text \<open>Smoothness of X(M) (so that X(M) is a rational C*-surface), via the standard
  local toric charts at the fixed points: hyperbolic fixed points
  D_{v,P} \<inter> D_{w,P}, parabolic fixed points on D_\<plusminus>, and the elliptic fixed
  points x_\<plusminus> when M_\<plusminus> = circ.\<close>
definition smooth_md :: "multidiv \<Rightarrow> bool" where
  "smooth_md M \<longleftrightarrow>
     (\<forall>P v w. adjacent M P v w \<longrightarrow> of_int (lam v * lam w) * (w - v) = 1) \<and>
     (minus_bullet M \<longrightarrow> (\<forall>P. lam (vmin M P) = 1)) \<and>
     (plus_bullet M \<longrightarrow> (\<forall>P. lam (vmax M P) = 1)) \<and>
     (\<not> minus_bullet M \<longrightarrow>
        card {P. vmin M P \<notin> \<int>} \<le> 2 \<and>
        of_int (\<Prod>P\<in>{P. vmin M P \<notin> \<int>}. lam (vmin M P)) * (\<Sum>P\<in>nontriv M. vmin M P) = -1) \<and>
     (\<not> plus_bullet M \<longrightarrow>
        card {P. vmax M P \<notin> \<int>} \<le> 2 \<and>
        of_int (\<Prod>P\<in>{P. vmax M P \<notin> \<int>}. lam (vmax M P)) * (\<Sum>P\<in>nontriv M. vmax M P) = 1)"

datatype pdiv = Dv rat pt | Dminus | Dplus

definition prime_divs :: "multidiv \<Rightarrow> pdiv set" where
  "prime_divs M = {Dv v P | v P. v \<in> verts M P} \<union>
     (if minus_bullet M then {Dminus} else {}) \<union> (if plus_bullet M then {Dplus} else {})"

definition ind :: "pdiv \<Rightarrow> pdiv \<Rightarrow> rat" where
  "ind x = (\<lambda>y. if y = x then 1 else 0)"

text \<open>Linear part h^0 of a support function, piecewise linear on the tail fan
  {Q_{\<le>0}, Q_{\<ge>0}}: slope am on Q_{\<le>0}, slope ap on Q_{\<ge>0}.\<close>
definition hlin :: "rat \<Rightarrow> rat \<Rightarrow> rat \<Rightarrow> rat" where
  "hlin am ap x = (if x \<le> 0 then am * x else ap * x)"

text \<open>Cartier support function h = \<Sum> h_P \<otimes> P on the divisorial fan of X(M):
  on each polyhedron of M_P, h_P is affine with integral slope and integral
  constant term; on the unbounded polyhedra the slope is that of h^0;
  h_P = h^0 for all but finitely many P; and on a polyhedral divisor with
  complete locus P^1 (present iff the marker is circ) h is of the form u + div(f),
  i.e. the constant terms sum to zero.\<close>
definition cartier_supp :: "multidiv \<Rightarrow> (pt \<Rightarrow> rat \<Rightarrow> rat) \<Rightarrow> rat \<Rightarrow> rat \<Rightarrow> bool" where
  "cartier_supp M h am ap \<longleftrightarrow>
     am \<in> \<int> \<and> ap \<in> \<int> \<and>
     (\<forall>P. (\<exists>c\<in>\<int>. \<forall>x. x \<le> vmin M P \<longrightarrow> h P x = am * x + c) \<and>
          (\<exists>c\<in>\<int>. \<forall>x. x \<ge> vmax M P \<longrightarrow> h P x = ap * x + c) \<and>
          (\<forall>v w. adjacent M P v w \<longrightarrow>
             (\<exists>u\<in>\<int>. \<exists>c\<in>\<int>. \<forall>x. v \<le> x \<and> x \<le> w \<longrightarrow> h P x = u * x + c))) \<and>
     finite {P. h P \<noteq> hlin am ap} \<and>
     (\<not> minus_bullet M \<longrightarrow>
        (\<Sum>P\<in>{P. h P \<noteq> hlin am ap} \<union> nontriv M. h P (vmin M P) - am * vmin M P) = 0) \<and>
     (\<not> plus_bullet M \<longrightarrow>
        (\<Sum>P\<in>{P. h P \<noteq> hlin am ap} \<union> nontriv M. h P (vmax M P) - ap * vmax M P) = 0)"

• What the task asks
Down to the last line, copy the entries above exactly.

• Exercise result
text \<open>Smoothness of X(M) (so that X(M) is a rational C*-surface), via the standard
  local toric charts at the fixed points: hyperbolic fixed points
  D_{v,P} \<inter> D_{w,P}, parabolic fixed points on D_\<plusminus>, and the elliptic fixed
  points x_\<plusminus> when M_\<plusminus> = circ.\<close>
definition smooth_md :: "multidiv \<Rightarrow> bool" where
  "smooth_md M \<longleftrightarrow>
     (\<forall>P v w. adjacent M P v w \<longrightarrow> of_int (lam v * lam w) * (w - v) = 1) \<and>
     (minus_bullet M \<longrightarrow> (\<forall>P. lam (vmin M P) = 1)) \<and>
     (plus_bullet M \<longrightarrow> (\<forall>P. lam (vmax M P) = 1)) \<and>
     (\<not> minus_bullet M \<longrightarrow>
        card {P. vmin M P \<notin> \<int>} \<le> 2 \<and>
        of_int (\<Prod>P\<in>{P. vmin M P \<notin> \<int>}. lam (vmin M P)) * (\<Sum>P\<in>nontriv M. vmin M P) = -1) \<and>
     (\<not> plus_bullet M \<longrightarrow>
        card {P. vmax M P \<notin> \<int>} \<le> 2 \<and>
        of_int (\<Prod>P\<in>{P. vmax M P \<notin> \<int>}. lam (vmax M P)) * (\<Sum>P\<in>nontriv M. vmax M P) = 1)"

datatype pdiv = Dv rat pt | Dminus | Dplus

definition prime_divs :: "multidiv \<Rightarrow> pdiv set" where
  "prime_divs M = {Dv v P | v P. v \<in> verts M P} \<union>
     (if minus_bullet M then {Dminus} else {}) \<union> (if plus_bullet M then {Dplus} else {})"

definition ind :: "pdiv \<Rightarrow> pdiv \<Rightarrow> rat" where
  "ind x = (\<lambda>y. if y = x then 1 else 0)"

text \<open>Linear part h^0 of a support function, piecewise linear on the tail fan
  {Q_{\<le>0}, Q_{\<ge>0}}: slope am on Q_{\<le>0}, slope ap on Q_{\<ge>0}.\<close>
definition hlin :: "rat \<Rightarrow> rat \<Rightarrow> rat \<Rightarrow> rat" where
  "hlin am ap x = (if x \<le> 0 then am * x else ap * x)"

text \<open>Cartier support function h = \<Sum> h_P \<otimes> P on the divisorial fan of X(M):
  on each polyhedron of M_P, h_P is affine with integral slope and integral
  constant term; on the unbounded polyhedra the slope is that of h^0;
  h_P = h^0 for all but finitely many P; and on a polyhedral divisor with
  complete locus P^1 (present iff the marker is circ) h is of the form u + div(f),
  i.e. the constant terms sum to zero.\<close>
definition cartier_supp :: "multidiv \<Rightarrow> (pt \<Rightarrow> rat \<Rightarrow> rat) \<Rightarrow> rat \<Rightarrow> rat \<Rightarrow> bool" where
  "cartier_supp M h am ap \<longleftrightarrow>
     am \<in> \<int> \<and> ap \<in> \<int> \<and>
     (\<forall>P. (\<exists>c\<in>\<int>. \<forall>x. x \<le> vmin M P \<longrightarrow> h P x = am * x + c) \<and>
          (\<exists>c\<in>\<int>. \<forall>x. x \<ge> vmax M P \<longrightarrow> h P x = ap * x + c) \<and>
          (\<forall>v w. adjacent M P v w \<longrightarrow>
             (\<exists>u\<in>\<int>. \<exists>c\<in>\<int>. \<forall>x. v \<le> x \<and> x \<le> w \<longrightarrow> h P x = u * x + c))) \<and>
     finite {P. h P \<noteq> hlin am ap} \<and>
     (\<not> minus_bullet M \<longrightarrow>
        (\<Sum>P\<in>{P. h P \<noteq> hlin am ap} \<union> nontriv M. h P (vmin M P) - am * vmin M P) = 0) \<and>
     (\<not> plus_bullet M \<longrightarrow>
        (\<Sum>P\<in>{P. h P \<noteq> hlin am ap} \<union> nontriv M. h P (vmax M P) - ap * vmax M P) = 0)"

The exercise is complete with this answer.